When manipulating a PostgreSQL database from Python, psycopg2 is the most widely used library. It comprehensively supports PostgreSQL features and is known for being fast and robust.
A distinct difference from other drivers like MySQLdb is its powerful feature that automatically converts (adapts) Python tuples and lists into SQL arrays or lists for IN clauses.
Here, I will explain how to manage connection settings and how to retrieve data using list data in conditions.
Library Installation
For development environments and general use, it is recommended to install psycopg2-binary, which includes pre-built binaries.
pip install psycopg2-binary
Executable Sample Code
The following code assumes an order management system for an e-commerce site. It extracts data for “orders over a certain amount” and “within specific delivery region codes.”
A key feature of psycopg2 is that for the SQL IN clause, you can simply pass a Python tuple to a single placeholder %s, and it will automatically expand into the correct SQL syntax (there is no need to manually increase placeholders using string manipulation).
import psycopg2
import os
# Connection settings
# In production, it is recommended to load these from environment variables or a config file
DB_CONFIG = {
"user": "order_manager",
"password": "secure_db_password",
"host": "localhost",
"port": "5432",
"dbname": "ec_system"
}
def main():
# Search criteria
# Amount is 5000 or more, AND region code is one of 'TK', 'OS', 'NG'
min_amount = 5000
target_regions = ('TK', 'OS', 'NG')
# Constructing SQL
# In psycopg2, the content of the IN clause can be represented by a single %s
sql = """
SELECT
order_id,
customer_name,
amount,
region_code,
order_date
FROM
orders
WHERE
amount > %s
AND region_code IN %s
"""
print(f"Connecting to database: {DB_CONFIG['dbname']}...")
try:
# Database connection
# Unpack the dictionary and pass it as arguments
with psycopg2.connect(**DB_CONFIG) as conn:
# Getting the cursor
with conn.cursor() as cur:
# Execute SQL
# The second argument is passed as a tuple.
# target_regions (tuple) itself corresponds to the second %s.
cur.execute(sql, (min_amount, target_regions))
# Fetch results
rows = cur.fetchall()
# Display results
print(f"\nHit Count: {len(rows)}")
print("-" * 40)
for row in rows:
# row is a tuple (order_id, name, amount, region, date)

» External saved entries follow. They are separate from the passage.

(* Let $\alpha,\beta\ge-1/2$, $1<p<\infty$, and let $f$ be a sequence on $\mathbb{N}$ with only finitely many nonzero terms. Then \[ \lim_{r\to1^-}\|\mathcal{T}_rf-f\|_{\ell^p(\mathbb{N})}=0. \]
   Context: $\mathbb{N}=\{0,1,2,\dots\}$. $d\mu_{\alpha,\beta}(x)=(1-x)^\alpha(1+x)^\beta\,dx$ on $[-1,1]$; $p_n^{(\alpha,\beta)}$ are the orthonormal Jacobi polynomials (classical Jacobi polynomials $P_n^{(\alpha,\beta)}$ normalized in $L^2([-1,1],d\mu_{\alpha,\beta})$). For $0<r<1$ and a sequence $f$, $\mathcal{T}_rf=\mathcal{F}^{-1}_{\alpha,\beta}(\chi_{[-r,r]}\mathcal{F}_{\alpha,\beta}f)$, where $\mathcal{F}_{\alpha,\beta}f(x)=\sum_{k\ge0}f(k)p_k^{(\alpha,\beta)}(x)$ and $\mathcal{F}^{-1}_{\alpha,\beta}F(n)=\int_{-1}^1F\,p_n^{(\alpha,\beta)}\,d\mu_{\alpha,\beta}$; equivalently $\mathcal{T}_rf(n)=\sum_{m\ge0}f(m)\int_{-r}^r p_m^{(\alpha,\beta)}p_n^{(\alpha,\beta)}\,d\mu_{\alpha,\beta}$. *)

theory Defs
  imports "HOL-Analysis.Analysis"
begin

definition jacobi_weight :: "real \<Rightarrow> real \<Rightarrow> real \<Rightarrow> real" where
  "jacobi_weight a b x = (1 - x) powr a * (1 + x) powr b"

definition jacobi_P :: "real \<Rightarrow> real \<Rightarrow> nat \<Rightarrow> real \<Rightarrow> real" where
  "jacobi_P a b n x =
     (\<Sum>s\<le>n. ((real n + a) gchoose (n - s)) * ((real n + b) gchoose s)
               * ((x - 1) / 2) ^ s * ((x + 1) / 2) ^ (n - s))"

definition jacobi_p :: "real \<Rightarrow> real \<Rightarrow> nat \<Rightarrow> real \<Rightarrow> real" where
  "jacobi_p a b n x =
     jacobi_P a b n x /
       sqrt (LINT y:{-1..1}|lborel. (jacobi_P a b n y)\<^sup>2 * jacobi_weight a b y)"

definition jacobi_T :: "real \<Rightarrow> real \<Rightarrow> real \<Rightarrow> (nat \<Rightarrow> real) \<Rightarrow> nat \<Rightarrow> real" where
  "jacobi_T a b r f n =
     (\<Sum>m. f m * (LINT x:{-r..r}|lborel.
                     jacobi_p a b m x * jacobi_p a b n x * jacobi_weight a b x))"

text \<open>ell^p norm of a sequence (meaningful when the p-th powers are summable).\<close>
definition lp_norm :: "real \<Rightarrow> (nat \<Rightarrow> real) \<Rightarrow> real" where
  "lp_norm p g = (\<Sum>n. \<bar>g n\<bar> powr p) powr (1 / p)"

end

theory Submission
  imports Defs
begin

section \<open>The differential equation of the Jacobi polynomials\<close>

definition uv_monomial :: "nat \<Rightarrow> nat \<Rightarrow> real \<Rightarrow> real" where
  "uv_monomial s k x = ((x - 1) / 2) ^ s * ((x + 1) / 2) ^ k"

definition uv_monomial' :: "nat \<Rightarrow> nat \<Rightarrow> real \<Rightarrow> real" where
  "uv_monomial' s k x = (real s * uv_monomial (s - 1) k x + real k * uv_monomial s (k - 1) x) / 2"

definition uv_monomial'' :: "nat \<Rightarrow> nat \<Rightarrow> real \<Rightarrow> real" where
  "uv_monomial'' s k x = (real s * uv_monomial' (s - 1) k x + real k * uv_monomial' s (k - 1) x) / 2"

definition jacobi_coeff :: "real \<Rightarrow> real \<Rightarrow> nat \<Rightarrow> nat \<Rightarrow> real" where
  "jacobi_coeff a b n s = ((real n + a) gchoose (n - s)) * ((real n + b) gchoose s)"

definition jacobi_P' :: "real \<Rightarrow> real \<Rightarrow> nat \<Rightarrow> real \<Rightarrow> real" where
  "jacobi_P' a b n x = (\<Sum>s\<le>n. jacobi_coeff a b n s * uv_monomial' s (n - s) x)"

definition jacobi_P'' :: "real \<Rightarrow> real \<Rightarrow> nat \<Rightarrow> real \<Rightarrow> real" where
  "jacobi_P'' a b n x = (\<Sum>s\<le>n. jacobi_coeff a b n s * uv_monomial'' s (n - s) x)"

definition jacobi_eigenvalue :: "real \<Rightarrow> real \<Rightarrow> nat \<Rightarrow> real" where
  "jacobi_eigenvalue a b n = real n * (real n + a + b + 1)"

lemma jacobi_P_eq_sum_uv_monomial:
  "jacobi_P a b n x = (\<Sum>s\<le>n. jacobi_coeff a b n s * uv_monomial s (n - s) x)"
  by (simp add: jacobi_P_def jacobi_coeff_def uv_monomial_def mult.assoc)

lemma uv_monomial_has_derivative:
  "(uv_monomial s k has_real_derivative uv_monomial' s k x) (at x within S)"
  unfolding uv_monomial_def[abs_def] uv_monomial'_def
  by (auto intro!: derivative_eq_intros simp: uv_monomial_def algebra_simps)

lemma uv_monomial'_has_derivative:
  "(uv_monomial' s k has_real_derivative uv_monomial'' s k x) (at x within S)"
proof -
  have "uv_monomial' s k = (\<lambda>x. (real s * uv_monomial (s - 1) k x + real k * uv_monomial s (k - 1) x) / 2)"
    by (simp add: fun_eq_iff uv_monomial'_def)
  then show ?thesis
    unfolding uv_monomial''_def by (auto intro!: derivative_eq_intros uv_monomial_has_derivative)
qed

print(f"ID: {row[0]} | Amount: {row[2]} | Region: {row[3]}")
except psycopg2.Error as e:
print(f"Database error: {e.pgcode} - {e.pgerror}")
except Exception as e:
print(f"System error: {e}")
if __name__ == "__main__":
main()
Explanation of Key Code Points
1. Dictionary Management of Connection Parameters
Using dictionary unpacking like psycopg2.connect(**DB_CONFIG) improves code readability. The default port for PostgreSQL is 5432.
2. Context Manager (with Syntax)
By using with psycopg2.connect(...) as conn: and with conn.cursor() as cur:, the connection and cursor are automatically closed when processing ends or an exception occurs, preventing resource leaks.
Additionally, when exiting the conn with block, the transaction is automatically committed if there are no exceptions, and rolled back if an exception occurs.
3. Passing Tuples to the IN Clause (Important)
In other drivers like MySQLdb, you must prepare placeholders corresponding to the number of elements in the list (e.g., %s, %s, ...). However, psycopg2 automatically converts a Python tuple into the SQL list representation (item1, item2, ...).
- SQL side:
IN %s(Only one placeholder) - Parameter side:
(val1, ('A', 'B', 'C'))
Just by writing it this way, SQL like IN ('A', 'B', 'C') is generated internally. This allows you to execute queries very efficiently and safely.